What’s great is, you can save a vector PDF too by using the pdf(…) function just like the png(…) one.  Next time, we’ll talk about dealing with something really really big data wise.

PS: years ago, I asked how to do this kind of aggregation on StackOverflow, which is a great resource for R help or just about any other programming language.

PPS: Bonus points for doing this but computing the average tweet length by minute.

R 2D data and simple Map Plotting

So by now you may have noticed I’m focused on the basics of how R represents numbers and vectors.  That is the general point of this tutorial…not to show you how to type cor.test(…) and get a number out, but rather how to manipulate data and data structures to work for you.  In Computer Science, one thing you’re taught early on is: the more sophisticated a data structure, the more simplified the code will (generally) be.  R is no exception…except for one big exception which I’ll get to later on.  For now, on to the second dimension.

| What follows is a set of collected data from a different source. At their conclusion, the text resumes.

lemma clopen_separation_of_disjoint_closed:
  fixes m :: nat
  assumes "X dim_le 0" "compact_space X"
    and "\<forall>j<m. closedin X (A j) \<and> openin X (U j) \<and> A j \<subseteq> U j"
    and "disjoint_family_on A {..<m}"
  obtains B where "\<forall>j<m. closedin X (B j) \<and> openin X (B j) \<and> A j \<subseteq> B j \<and> B j \<subseteq> U j"
    "disjoint_family B"
proof -
  define U' where "U' j = U j - (\<Union>l\<in>{..<m} - {j}. A l)" for j
  have "\<exists>B. j < m \<longrightarrow> closedin X B \<and> openin X B \<and> A j \<subseteq> B \<and> B \<subseteq> U' j" for j
  proof (cases "j < m")
    case True
    have "closedin X (\<Union>l\<in>{..<m} - {j}. A l)"
      using assms(3) by (intro closedin_Union) auto
    with True assms(3) have "openin X (U' j)"
      unfolding U'_def by (simp add: openin_diff)
    moreover have "A j \<subseteq> U' j"
      using True assms(3,4) unfolding U'_def disjoint_family_on_def by blast
    ultimately show ?thesis
      using clopen_between_closed_open[OF assms(1,2)] True assms(3) by metis
  qed simp
  then obtain B' where B': "\<And>j. j < m \<Longrightarrow> closedin X (B' j) \<and> openin X (B' j) \<and>
      A j \<subseteq> B' j \<and> B' j \<subseteq> U' j"
    by metis
  define B where "B = disjointed (\<lambda>j. if j < m then B' j else {})"
  have "closedin X (B j) \<and> openin X (B j)" for j
    unfolding B_def using B' by (intro clopen_disjointed) auto
  moreover have "B j \<subseteq> U j" if "j < m" for j
    using disjointed_subset B' that unfolding B_def U'_def by fastforce
  moreover have "A j \<subseteq> B j" if "j < m" for j
  proof -
    have "x \<notin> B' l" if "x \<in> A j" "l < j" for x l
      using B'[of l] \<open>j < m\<close> that unfolding U'_def by auto
    with B' \<open>j < m\<close> show ?thesis
      unfolding B_def disjointed_def by auto
  qed
  moreover have "disjoint_family B"
    unfolding B_def by (rule disjoint_family_disjointed)
  ultimately show ?thesis
    by (intro that[of B]) auto
qed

To do this, we’re going to read in a file rather than make it as we’ve done in the past. First, you’re going to have to change your working directory.  If you’re running the R GUI console, you can do this in the menubar under the Misc->Change Working Directory… command.  Or, if you are like me and your idea of a GUI is a VT220, you can use the command prompt:

> getwd()
[1] "/Users/shamma"
> setwd("/Users/shamma/tmp")
> getwd()
[1] "/Users/shamma/tmp"
>

Change your working directory into a new directory somewhere and make this simple little file and call it sample.csv:

CA,CB,CC
11,12,13
21,22,23
31,32,33
41,42,43

Ok, so if your working directory is set right, we should be able to read the file in easily.

> s <- read.csv("sample.csv", header=TRUE, sep=",")
> class(s)
[1] "data.frame"
> s
  CA CB CC
1 11 12 13
2 21 22 23
3 31 32 33
4 41 42 43

I’m specifying the comma delimiter, but it defaults to a comma already…so feel free to leave it out.   We also told the read.csv function that this data has a header row.  In the first column you see there then numbers 1 to 4 are just row numbers for your viewing pleasure.  To get stuff out of this “data.frame” (and we’ll worry about what that is later), R does something called “column-major order” like most scientific languages. Meaning, complex structures are collections of columns.  However, we access it row then column like so:

> s[1, 2]
[1] 12

Gets us row 1 column 2. Nice ya?  Lets look at some other examples.  I’m going to put comments after each command to explain what’s happing inline of the code.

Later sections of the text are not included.